# Welche all in one



## Shooot3r (18. Juli 2016)

Hi. Da ich meinen drp3 aus dem Gehäuse schmeißen möchte, bin ich bin auf der Suche nach einer guten aio Kühlung. Welche sollte ich da nehmen um nehmen 6700K@oc zu kühlen. Die ac Eisbär scheint ja gut zu sein, aber auch die Corsair Lösungen. Welche Jahr ihr verbaut bzw welche kommt ihr empfehlen? 

Mfg

Gesendet von meinem LG-D855 mit Tapatalk


----------



## Scubaman (18. Juli 2016)

Die Empfehlungen gehen im Moment Richtung Eisbaer, da die Pumpe wohl sehr leise ist und der Kühlkreislauf erweiterbar ist. Die meisten tauschen vermutlich die mitgelieferten Lüfter gegen leisere aus. Allerdings ist die Eisbaer auch gerade erst auf dem Markt, d.h. Langzeiterfahrungen fehlen.
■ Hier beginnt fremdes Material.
lemma comult_slice_basis_apply:
  "i < n \<Longrightarrow> comult_slice D (e i) b c = (\<Sum>j<n. coaction i j b * e j c)"
  by (simp add: comult_slice_basis combination_def)

lemma coaction_vanishes: "n \<le> i \<or> n \<le> j \<Longrightarrow> coaction i j b = 0"
  by (auto simp: coaction_def)

abbreviation coaction_support :: "'b set" where
  "coaction_support \<equiv> comult_right_support D basis_support"

lemma finite_coaction_support: "finite coaction_support"
  by (rule finite_comult_right_support[OF finite_basis_support])

lemma coaction_outside_support: "b \<notin> coaction_support \<Longrightarrow> coaction i j b = 0"
proof (cases "i < n")
  case True
  assume "b \<notin> coaction_support"
  then have "comult_slice D (e i) b = combination 0"
    using comult_slice_outside[OF finite_basis_support basis_outside_support[OF True]]
    by (simp add: combination_def fun_eq_iff)
  have "(\<lambda>j. coaction i j b) = coords (combination (\<lambda>j. coaction i j b))"
    by (rule coords_combination[symmetric]) (simp add: fd_elems_def coaction_vanishes)
  also have "\<dots> = coords (combination 0)"
    using comult_slice_basis[OF True] \<open>comult_slice D (e i) b = combination 0\<close> by simp
  also have "\<dots> = 0"
    by (rule coords_combination) (simp add: fd_elems_def)
  finally show ?thesis by (simp add: fun_eq_iff)
qed (simp add: coaction_def)

lemma Sum_any_coaction: "Sum_any (\<lambda>b. coaction i k b * g b) = (\<Sum>b\<in>coaction_support. coaction i k b * g b)"
  by (rule Sum_any_eq_sum[OF finite_coaction_support]) (simp add: coaction_outside_support)
lemma l2_norm_nonneg: "0 \<le> l2_norm f"
  by (simp add: l2_norm_def infsum_nonneg)

lemma l2_norm_power2: "(l2_norm f)\<^sup>2 = (\<Sum>\<^sub>\<infinity>x. (cmod (f x))\<^sup>2)"
  by (simp add: l2_norm_def infsum_nonneg)

lemma l2_space_dominated:
  assumes "g \<in> l2_space" "\<And>x. cmod (f x) \<le> cmod (g x)"
  shows "f \<in> l2_space"
  unfolding l2_space_def mem_Collect_eq
  by (rule summable_on_comparison_test[OF l2_spaceD[OF assms(1)]]) (simp_all add: assms(2) power_mono)

lemma l2_norm_mono:
  assumes "g \<in> l2_space" "\<And>x. cmod (f x) \<le> cmod (g x)"
  shows "l2_norm f \<le> l2_norm g"
proof -
  have "(\<Sum>\<^sub>\<infinity>x. (cmod (f x))\<^sup>2) \<le> (\<Sum>\<^sub>\<infinity>x. (cmod (g x))\<^sup>2)"
    using l2_spaceD[OF l2_space_dominated[OF assms]] l2_spaceD[OF assms(1)]
    by (rule infsum_mono) (simp add: assms(2) power_mono)
  then show ?thesis
    unfolding l2_norm_def by (rule real_sqrt_le_mono)
qed

lemma mult_le_sum_squares:
  fixes a b :: real
  assumes "0 \<le> a" "0 \<le> b"
  shows "a * b \<le> a\<^sup>2 + b\<^sup>2"
  using sum_squares_bound[of a b] mult_nonneg_nonneg[OF assms] by (simp add: mult.assoc)

lemma abs_summable_l2_product:
  assumes "f \<in> l2_space" "g \<in> l2_space"
  shows "(\<lambda>x. cmod (f x) * cmod (g x)) summable_on UNIV"
proof (rule summable_on_comparison_test)
  show "(\<lambda>x. (cmod (f x))\<^sup>2 + (cmod (g x))\<^sup>2) summable_on UNIV"
    using assms by (intro summable_on_add l2_spaceD)
  show "cmod (f x) * cmod (g x) \<le> (cmod (f x))\<^sup>2 + (cmod (g x))\<^sup>2" for x
    by (simp add: mult_le_sum_squares)
qed simp

lemma l2_inner_summable:
  assumes "f \<in> l2_space" "g \<in> l2_space"
  shows "(\<lambda>x. f x * cnj (g x)) summable_on UNIV"
proof (rule abs_summable_summable)
  show "(\<lambda>x. norm (f x * cnj (g x))) summable_on UNIV"
    using abs_summable_l2_product[OF assms] by (simp add: norm_mult)
qed

lemma L2_set_le_l2_norm:
  assumes "f \<in> l2_space" "finite F"
  shows "L2_set (\<lambda>x. cmod (f x)) F \<le> l2_norm f"
proof -
  have "(\<Sum>x\<in>F. (cmod (f x))\<^sup>2) = (\<Sum>\<^sub>\<infinity>x\<in>F. (cmod (f x))\<^sup>2)"
    using assms(2) by simp
  also have "\<dots> \<le> (\<Sum>\<^sub>\<infinity>x. (cmod (f x))\<^sup>2)"
    using assms(2) by (intro infsum_mono_neutral l2_spaceD[OF assms(1)]) auto
  finally show ?thesis
    unfolding L2_set_def l2_norm_def by (rule real_sqrt_le_mono)
qed

lemma l2_inner_Cauchy_Schwarz:
  assumes "f \<in> l2_space" "g \<in> l2_space"
  shows "cmod (l2_inner f g) \<le> l2_norm f * l2_norm g"
proof -
  have "cmod (l2_inner f g) \<le> (\<Sum>\<^sub>\<infinity>x. norm (f x * cnj (g x)))"
    unfolding l2_inner_def
    by (rule norm_infsum_bound) (simp add: norm_mult abs_summable_l2_product[OF assms])
  also have "\<dots> = (\<Sum>\<^sub>\<infinity>x. cmod (f x) * cmod (g x))"
    by (simp add: norm_mult)
  also have "\<dots> \<le> l2_norm f * l2_norm g"
  proof (rule infsum_le_finite_sums[OF abs_summable_l2_product[OF assms]])
    fix F :: "'a set" assume "finite F"
    have "(\<Sum>x\<in>F. cmod (f x) * cmod (g x))
        \<le> L2_set (\<lambda>x. cmod (f x)) F * L2_set (\<lambda>x. cmod (g x)) F"
      using L2_set_mult_ineq[where f = "\<lambda>x. cmod (f x)" and g = "\<lambda>x. cmod (g x)" and A = F] by simp
    also have "\<dots> \<le> l2_norm f * l2_norm g"
      using \<open>finite F\<close> assms by (intro mult_mono L2_set_le_l2_norm l2_norm_nonneg) auto
    finally show "(\<Sum>x\<in>F. cmod (f x) * cmod (g x)) \<le> l2_norm f * l2_norm g" .
  qed
  finally show ?thesis .
qed

lemma l2_inner_delta: "l2_inner (\<lambda>x. if x = y then 1 else 0) g = cnj (g y)"
proof -
  have "l2_inner (\<lambda>x. if x = y then 1 else 0) g = (\<Sum>\<^sub>\<infinity>x\<in>{y}. cnj (g x))"
    unfolding l2_inner_def by (rule infsum_cong_neutral) auto
  then show ?thesis by simp
qed
lemma Lp_valuation_intertwining_Int:
  fixes f g :: "real^'n \<Rightarrow> real^'n"
  assumes p: "0 < p" and V: "Lp_Minkowski_valuation p Y"
    and f: "linear f" "inj f" and g: "linear g"
    and KL: "K \<in> Ko" "L \<in> Ko" "K \<union> L \<in> Ko"
    and hyps: "Y (f ` K) = g ` Y K" "Y (f ` L) = g ` Y L" "Y (f ` (K \<union> L)) = g ` Y (K \<union> L)"
  shows "Y (f ` (K \<inter> L)) = g ` Y (K \<inter> L)"
proof (rule Ko_eq_if_support_fun_eq)
  have Y_Ko: "\<And>M. M \<in> Ko \<Longrightarrow> Y M \<in> Ko" and val:
    "\<And>M N x. M \<in> Ko \<Longrightarrow> N \<in> Ko \<Longrightarrow> M \<union> N \<in> Ko \<Longrightarrow>
      support_fun (Y (M \<union> N)) x powr p + support_fun (Y (M \<inter> N)) x powr p
        = support_fun (Y M) x powr p + support_fun (Y N) x powr p"
    using V unfolding Lp_Minkowski_valuation_def by blast+
  have fKL: "f ` K \<union> f ` L = f ` (K \<union> L)" "f ` K \<inter> f ` L = f ` (K \<inter> L)"
    by (simp_all add: image_Un image_Int[OF f(2)])
  have KL_Ko: "K \<inter> L \<in> Ko"
    using KL(1,2) by (rule Ko_Int)
  have fKo: "f ` K \<in> Ko" "f ` L \<in> Ko" "f ` (K \<union> L) \<in> Ko" "f ` (K \<inter> L) \<in> Ko"
    using Ko_linear_image[OF f(1)] KL KL_Ko by simp_all
  show Y_fKL: "Y (f ` (K \<inter> L)) \<in> Ko" and "g ` Y (K \<inter> L) \<in> Ko"
    using Y_Ko[OF fKo(4)] Ko_linear_image[OF g Y_Ko[OF KL_Ko]] by simp_all
  fix x
  \<comment> \<open>In the two valuation identities, three of the four terms agree by hypothesis.\<close>
  have "support_fun (Y (f ` (K \<inter> L))) x powr p = support_fun (Y (K \<inter> L)) (adjoint g x) powr p"
    using val[OF fKo(1,2) fKo(3)[folded fKL(1)], of x] val[OF KL, of "adjoint g x"]
    unfolding fKL hyps support_fun_linear_image[OF g] by linarith
  then show "support_fun (Y (f ` (K \<inter> L))) x = support_fun (g ` Y (K \<inter> L)) x"
    unfolding support_fun_linear_image[OF g]
    by (rule powr_eq_cancel[OF support_fun_nonneg[OF Y_fKL] support_fun_nonneg[OF Y_Ko[OF KL_Ko]] p])
qed

lemma Lp_valuation_intertwining_extends:
  fixes f g :: "real^'n \<Rightarrow> real^'n"
  assumes p: "0 < p" and V: "Lp_Minkowski_valuation p Y"
    and f: "linear f" "inj f" and g: "linear g"
    and full: "\<And>K. K \<in> Ko \<Longrightarrow> aff_dim K = int CARD('n) \<Longrightarrow> Y (f ` K) = g ` Y K"
    and "K \<in> Ko"
  shows "Y (f ` K) = g ` Y K"
  using \<open>K \<in> Ko\<close>
proof (induction "nat (int CARD('n) - aff_dim K)" arbitrary: K rule: less_induct)
  case less
  have dim_le: "aff_dim M \<le> int CARD('n)" for M :: "(real^'n) set"
    using aff_dim_le_DIM[of M] by simp
  show ?case
  proof (cases "aff_dim K = int CARD('n)")
    case True
    then show ?thesis using full less.prems by blast
  next
    case False
    then have "aff_dim K < int CARD('n)"
      using dim_le[of K] by simp
    then obtain L1 L2 where L: "L1 \<in> Ko" "L2 \<in> Ko" "L1 \<union> L2 \<in> Ko" "L1 \<inter> L2 = K"
      and dims: "aff_dim K < aff_dim L1" "aff_dim K < aff_dim L2" "aff_dim K < aff_dim (L1 \<union> L2)"
      by (rule Ko_lower_dim_split[OF less.prems])
    have IH: "Y (f ` M) = g ` Y M" if "M \<in> Ko" "aff_dim K < aff_dim M" for M
      using less.hyps[OF _ that(1)] that(2) dim_le[of M] by linarith
    show ?thesis
      using Lp_valuation_intertwining_Int[OF p V f g L(1-3) IH IH IH] L dims by simp
  qed
qed

lemma Lp_valuation_SL_homogeneous_extends:
  fixes Y :: "(real^'n) set \<Rightarrow> (real^'n) set" and G :: "real^'n^'n \<Rightarrow> real^'n^'n"
  assumes p: "0 < p" and V: "Lp_Minkowski_valuation p Y"
    and full: "\<forall>K\<in>Ko. aff_dim K = int CARD('n) \<longrightarrow>
        (\<forall>A\<in>SL. Y (lin_image A K) = lin_image (G A) (Y K)) \<and>
        (\<forall>t>0. Y ((\<lambda>x. t *\<^sub>R x) ` K) = (\<lambda>x. (t powr q) *\<^sub>R x) ` Y K)"
  shows "\<forall>K\<in>Ko. (\<forall>A\<in>SL. Y (lin_image A K) = lin_image (G A) (Y K)) \<and>
        (\<forall>t>0. Y ((\<lambda>x. t *\<^sub>R x) ` K) = (\<lambda>x. (t powr q) *\<^sub>R x) ` Y K)"
proof (intro ballI conjI allI impI)
  fix K :: "(real^'n) set" and A :: "real^'n^'n"
  assume "K \<in> Ko" "A \<in> SL"
  then have "inj ((*v) A)"
    by (intro inj_matrix_vector_mult) (simp add: SL_def invertible_det_nz)
  then show "Y (lin_image A K) = lin_image (G A) (Y K)"
    unfolding lin_image_def
    using Lp_valuation_intertwining_extends[OF p V _ _ _ _ \<open>K \<in> Ko\<close>] full \<open>A \<in> SL\<close>
    by (simp add: lin_image_def)
next
  fix K :: "(real^'n) set" and t :: real
  assume "K \<in> Ko" "0 < t"
  then have "inj (\<lambda>x::real^'n. t *\<^sub>R x)"
    by (simp add: inj_on_def)
  then show "Y ((\<lambda>x. t *\<^sub>R x) ` K) = (\<lambda>x. (t powr q) *\<^sub>R x) ` Y K"
    using Lp_valuation_intertwining_extends[OF p V _ _ _ _ \<open>K \<in> Ko\<close>] full \<open>0 < t\<close>
    by (simp add: linear_scaleR)
qed

theorem lemma4p2:
  fixes Y :: "(real^'n) set \<Rightarrow> (real^'n) set" and p q :: real
  assumes "p \<ge> 1"
    and "Lp_Minkowski_valuation p Y"
  shows
   "((\<forall>K\<in>Ko. aff_dim K = int CARD('n) \<longrightarrow>
        (\<forall>A\<in>SL. Y (lin_image A K) = lin_image A (Y K)) \<and>
        (\<forall>t>0. Y ((\<lambda>x. t *\<^sub>R x) ` K) = (\<lambda>x. (t powr q) *\<^sub>R x) ` Y K))
     \<longrightarrow>
     (\<forall>K\<in>Ko.
        (\<forall>A\<in>SL. Y (lin_image A K) = lin_image A (Y K)) \<and>
        (\<forall>t>0. Y ((\<lambda>x. t *\<^sub>R x) ` K) = (\<lambda>x. (t powr q) *\<^sub>R x) ` Y K)))
    \<and>
    ((\<forall>K\<in>Ko. aff_dim K = int CARD('n) \<longrightarrow>
        (\<forall>A\<in>SL. Y (lin_image A K) = lin_image (inv_transpose A) (Y K)) \<and>
        (\<forall>t>0. Y ((\<lambda>x. t *\<^sub>R x) ` K) = (\<lambda>x. (t powr q) *\<^sub>R x) ` Y K))
     \<longrightarrow>
     (\<forall>K\<in>Ko.
        (\<forall>A\<in>SL. Y (lin_image A K) = lin_image (inv_transpose A) (Y K)) \<and>
        (\<forall>t>0. Y ((\<lambda>x. t *\<^sub>R x) ` K) = (\<lambda>x. (t powr q) *\<^sub>R x) ` Y K)))"
proof -
  have "0 < p" using assms(1) by simp
  show ?thesis
    using Lp_valuation_SL_homogeneous_extends[OF \<open>0 < p\<close> assms(2), where G = "\<lambda>A. A"]
      Lp_valuation_SL_homogeneous_extends[OF \<open>0 < p\<close> assms(2), where G = inv_transpose]
    by blast
qed

end
theorem lemma2:
  fixes M :: "'a::metric_space measure"
    and p :: "'a \<Rightarrow> 'a \<Rightarrow> real"
    and x0 :: 'a
    and v :: "real \<Rightarrow> real"
    and \<delta> :: "nat \<Rightarrow> real"
    and X :: "nat \<Rightarrow> 'a set"
    and I :: "nat \<Rightarrow> 'i set"
    and Xp :: "nat \<Rightarrow> 'i \<Rightarrow> 'a set"
    and \<theta> :: real
    and k :: nat
  assumes space_M: "space M = UNIV"
    and sets_M: "sets M = sets borel"
    and p_meas: "(\<lambda>(x, y). p x y) \<in> borel_measurable (M \<Otimes>\<^sub>M M)"
    and p_nonneg: "\<And>x y. 0 \<le> p x y"
    and p_prob: "\<And>x. (\<integral>\<^sup>+y. ennreal (p x y) \<partial>M) = 1"
    and v_ge1: "\<And>t. 0 \<le> t \<Longrightarrow> 1 \<le> v t"
    and v_unbounded: "\<not> bdd_above (v ` {0..})"
    and v_mono: "mono_on {0..} v"
    and v_cont: "continuous_on {0..} v"
    and v0: "v 0 = 1"
    and \<delta>_pos: "\<And>k. 1 \<le> k \<Longrightarrow> 0 < \<delta> k"
    and X_meas: "\<And>k. 1 \<le> k \<Longrightarrow> X k \<in> sets M"
    and X_lower: "\<And>k. 1 \<le> k \<Longrightarrow> {x. dist x x0 < real k} \<subseteq> X k"
    and X_upper: "\<And>k. 1 \<le> k \<Longrightarrow> X k \<subseteq> {x. dist x x0 \<le> real k}"
    and I_finite: "\<And>k. 1 \<le> k \<Longrightarrow> finite (I k)"
    and part_meas: "\<And>k i. 1 \<le> k \<Longrightarrow> i \<in> I k \<Longrightarrow> Xp k i \<in> sets M"
    and part_nonempty: "\<And>k i. 1 \<le> k \<Longrightarrow> i \<in> I k \<Longrightarrow> Xp k i \<noteq> {}"
    and part_disjoint: "\<And>k i j. 1 \<le> k \<Longrightarrow> i \<in> I k \<Longrightarrow> j \<in> I k \<Longrightarrow> i \<noteq> j
                          \<Longrightarrow> Xp k i \<inter> Xp k j = {}"
    and part_union: "\<And>k. 1 \<le> k \<Longrightarrow> (\<Union>i\<in>I k. Xp k i) = X k"
    and part_diam: "\<And>k i x y. 1 \<le> k \<Longrightarrow> i \<in> I k \<Longrightarrow> x \<in> Xp k i \<Longrightarrow> y \<in> Xp k i
                          \<Longrightarrow> dist x y \<le> \<delta> k"
    and inf_meas: "\<And>k i. 1 \<le> k \<Longrightarrow> i \<in> I k
                          \<Longrightarrow> (\<lambda>y. INF t\<in>Xp k i. p t y) \<in> borel_measurable M"
    and \<theta>_pos: "0 < \<theta>" and \<theta>_le1: "\<theta> \<le> 1"
    and k_ge1: "1 \<le> k"
  shows "(SUP f\<in>{f. f \<in> borel_measurable M \<and> (\<forall>x. cmod (f x) \<le> 1)}.
            SUP x. ennreal (cmod (Phat M p x0 (X k) (I k) (Xp k) f x - Pop M p f x)
                             / v (dist x x0)))
         \<le> ennreal 2 * max (ennreal (1 / v (real k)))
             (ennreal (alpha M p (\<lambda>u. v (dist u x0)) (X k))
              + ell M p (X k) (I k) (Xp k) \<theta> * ennreal (\<delta> k powr \<theta>))"
proof -
  have p_section: "p x \<in> borel_measurable M" for x
    using measurable_Pair2[OF p_meas, of x] space_M by simp
  interpret markov_discretization M p x0 v "real k" "X k" "I k" "Xp k" "\<delta> k" \<theta>
    using p_section p_nonneg p_prob v_ge1 v_mono X_meas X_lower I_finite part_disjoint part_union
      part_diam inf_meas \<delta>_pos \<theta>_pos k_ge1
    by unfold_locales (auto simp: disjoint_family_on_def)
  show ?thesis
    using Phat_error_le by (intro SUP_least) auto
qed

end
text \<open>These are the kernel equations of a row of \<open>A\<close> that is the indicator of \<open>S\<close>, when
  \<open>X\<^sub>t\<^sub>c = [t mod N = c]\<close> for \<open>t \<in> S\<close> and \<open>c > 0\<close>.\<close>
lemma eq_on_residue_transversal:
  fixes d :: "nat \<Rightarrow> 'a::field_char_0"
  assumes S: "finite S" "inj_on (\<lambda>t. t mod N) S" and "0 < N"
    and eq: "\<And>c. 0 < c \<Longrightarrow> c < N \<Longrightarrow>
      of_nat (card S) * (\<Sum>t\<in>S. if t mod N = c then d t else 0)
        = (\<Sum>t\<in>S. if t mod N = c then 1 else 0) * (\<Sum>t\<in>S. d t)"
    and "t \<in> S" "t' \<in> S"
  shows "d t = d t'"
proof -
  define \<mu> where "\<mu> = (\<Sum>t\<in>S. d t) / of_nat (card S)"
  have card: "of_nat (card S) \<noteq> (0::'a)" using S \<open>t \<in> S\<close> by auto
  have nonzero_residue: "d u = \<mu>" if u: "u \<in> S" "u mod N \<noteq> 0" for u
  proof -
    have "of_nat (card S) * d u = (\<Sum>t\<in>S. d t)"
      using eq[of "u mod N"] u \<open>0 < N\<close> sum_mod_eq_transversal[OF S u(1), of d]
        sum_mod_eq_transversal[OF S u(1), of "\<lambda>_. 1 :: 'a"] by simp
    then show ?thesis using card unfolding \<mu>_def by (simp add: field_simps)
  qed
  have "d u = \<mu>" if u: "u \<in> S" for u
  proof (cases "u mod N = 0")
    case True
    have others: "d u' = \<mu>" if "u' \<in> S - {u}" for u'
    proof (rule nonzero_residue)
      show "u' mod N \<noteq> 0"
        using that u True inj_onD[OF S(2), of u' u] by auto
    qed (use that in simp)
    have "(\<Sum>t\<in>S. d t) = d u + (\<Sum>t\<in>S - {u}. d t)" using S u by (simp add: sum.remove)
    also have "(\<Sum>t\<in>S - {u}. d t) = of_nat (card S - 1) * \<mu>" using others S u by simp
    finally have "of_nat (card S) * \<mu> = d u + of_nat (card S - 1) * \<mu>"
      using card unfolding \<mu>_def by simp
    moreover have "0 < card S" using S u card_gt_0_iff by blast
    then have "of_nat (card S) = of_nat (card S - 1) + (1::'a)" by (simp add: of_nat_diff)
    ultimately show ?thesis by (simp add: algebra_simps)
  qed (rule nonzero_residue[OF u])
  then show ?thesis using assms(5,6) by simp
qed

text \<open>Consecutive windows \<open>[iL, iL + L]\<close> share an endpoint, so constancy propagates from \<open>0\<close>.\<close>
lemma eq_zero_by_overlapping_windows:
  fixes d :: "nat \<Rightarrow> 'a" and L p m :: nat
  assumes d0: "d 0 = z"
    and step: "\<And>i t. i < p \<Longrightarrow> i*L \<le> t \<Longrightarrow> t \<le> i*L + L \<Longrightarrow> t < m \<Longrightarrow> d t = d (i*L)"
    and cover: "m \<le> 1 + p*L"
  shows "k < m \<Longrightarrow> d k = z"
proof (induction k rule: less_induct)
  case (less k)
  show ?case
  proof (cases "k = 0")
    case False
    define i where "i = (k - 1) div L"
    have "0 < L" using False less.prems cover by (cases L) auto
    have lo: "i*L \<le> k - 1" unfolding i_def by (rule div_times_less_eq_dividend)
    have hi: "k - 1 < i*L + L"
      using div_mult_mod_eq[of "k - 1" L] mod_less_divisor[OF \<open>0 < L\<close>, of "k - 1"]
      unfolding i_def by linarith
    have "i*L < p*L" using lo less.prems cover False by linarith
    then have "i < p" by (simp add: mult_less_cancel2)
    then have "d k = d (i*L)" using step[of i k] lo hi less.prems False by simp
    also have "\<dots> = z" using less.IH[of "i*L"] lo less.prems False by simp
    finally show ?thesis .
  qed (simp add: d0)
qed

section \<open>Structure of the stacked matrix\<close>

definition unvec :: "nat \<Rightarrow> nat \<Rightarrow> complex vec \<Rightarrow> complex mat" where
  "unvec m N w = mat m N (\<lambda>(l,c). w $ (l + c*m))"

lemma unvec_carrier: "unvec m N w \<in> carrier_mat m N"
  by (simp add: unvec_def)

lemma index_lt_mult: "l < m \<Longrightarrow> c < N \<Longrightarrow> l + c*m < m*(N::nat)"
proof -
  assume "l < m" "c < N"
  then have "l + c*m < (c + 1) * m" by simp
  also have "\<dots> \<le> N*m" using \<open>c < N\<close> by (intro mult_le_mono1) simp
  finally show ?thesis by (simp add: mult.commute)
qed

lemma vecm_carrier: "X \<in> carrier_mat m N \<Longrightarrow> vecm X \<in> carrier_vec (m*N)"
  by (simp add: vecm_def)

lemma index_vecm:
  assumes "X \<in> carrier_mat m N" "l < m" "c < N"
  shows "vecm X $ (l + c*m) = X $$ (l,c)"
  using assms index_lt_mult[OF assms(2,3)] by (simp add: vecm_def)
lemma Nring_congruent_int:
  assumes "g > 0" "x \<in> Nring S"
  shows "\<exists>n. x - of_int n \<in> multN g S"
  using assms(2)
proof (induction x rule: Nring.induct)
  case one
  show ?case using zero_mem_multN by (intro exI[of _ 1]) simp
next
  case (inv p)
  then show ?case using inverse_congruent_int assms(1) by blast
next
  case (add x y)
  then obtain n m where "x - of_int n \<in> multN g S" "y - of_int m \<in> multN g S" by blast
  from multN_add[OF this] show ?case
    by (intro exI[of _ "n + m"]) (simp add: algebra_simps)
next
  case (neg x)
  then obtain n where "x - of_int n \<in> multN g S" by blast
  from multN_uminus[OF this] show ?case
    by (intro exI[of _ "- n"]) (simp add: algebra_simps)
next
  case (mult x y)
  then obtain n m where n: "x - of_int n \<in> multN g S" and m: "y - of_int m \<in> multN g S"
    by blast
  have "x * (y - of_int m) + of_int m * (x - of_int n) \<in> multN g S"
    by (intro multN_add multN_mult n m Nring_of_int mult.hyps)
  then show ?case
    by (intro exI[of _ "n * m"]) (simp add: algebra_simps)
qed

lemma coprime_if_dvd_pred:
  fixes p g :: nat
  assumes "p > 0" "g dvd p - 1"
  shows "coprime p g"
  using coprime_divisors[OF dvd_refl assms(2) coprime_diff_one_right_nat[OF assms(1)]] .

lemma Nring_coprime_denominator:
  assumes "\<forall>p\<in>S. coprime p g" "x \<in> Nring S"
  shows "\<exists>d. coprime d g \<and> of_nat d * x \<in> \<int>"
  using assms(2)
proof (induction x rule: Nring.induct)
  case one
  show ?case by (intro exI[of _ 1]) simp
next
  case (inv p)
  then show ?case using assms(1) by (intro exI[of _ p]) simp
next
  case (add x y)
  then obtain d e where d: "coprime d g" "of_nat d * x \<in> \<int>"
    and e: "coprime e g" "of_nat e * y \<in> \<int>" by blast
  have "of_nat (d * e) * (x + y) = of_nat e * (of_nat d * x) + of_nat d * (of_nat e * y)"
    by (simp add: algebra_simps)
  also have "\<dots> \<in> \<int>" using d(2) e(2) by (meson Ints_add Ints_mult Ints_of_nat)
  finally show ?case using d e by (intro exI[of _ "d * e"]) simp
next
  case (neg x)
  then show ?case by (auto intro: Ints_minus)
next
  case (mult x y)
  then obtain d e where d: "coprime d g" "of_nat d * x \<in> \<int>"
    and e: "coprime e g" "of_nat e * y \<in> \<int>" by blast
  have "of_nat (d * e) * (x * y) = (of_nat d * x) * (of_nat e * y)"
    by (simp add: algebra_simps)
  also have "\<dots> \<in> \<int>" using d(2) e(2) by (rule Ints_mult)
  finally show ?case using d e by (intro exI[of _ "d * e"]) simp
qed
Be Quiet bringt wohl demnächst auch eine AiO. Die wird vermutlich auch sehr leise sein.


----------



## BeaverCheese (18. Juli 2016)

Enermax Liqtech 240!
Enermax LIQTECH 240 Watercooler Review - It's like a freaking TANK! - YouTube
Die ist mMn die beste 240mm AiO.


----------



## thoast3 (18. Juli 2016)

Ich würde entweder die Alphacool Eisbaer (bestes Gesamtpaket) oder die Arctic Liquid Freezer 240 (gutes Preis-Leistungsverhältnis) nehmen.


----------



## Shooot3r (19. Juli 2016)

Habe mir jetzt mal die Eisbär bestellt, mal schauen wie die so ist.  

Gesendet von meinem LG-D855 mit Tapatalk


----------



## Shooot3r (20. Juli 2016)

Kann ich die Pumpe der Kühlung auch an einer Lüftersteuerung anschließen, und so die Pumpe Regeln? 

Gesendet von meinem LG-D855 mit Tapatalk


----------



## thoast3 (20. Juli 2016)

Kannst du, macht aber nicht wirklich Sinn. Der Durchfluss der Pumpe @ 7V sollte immer reichen.


----------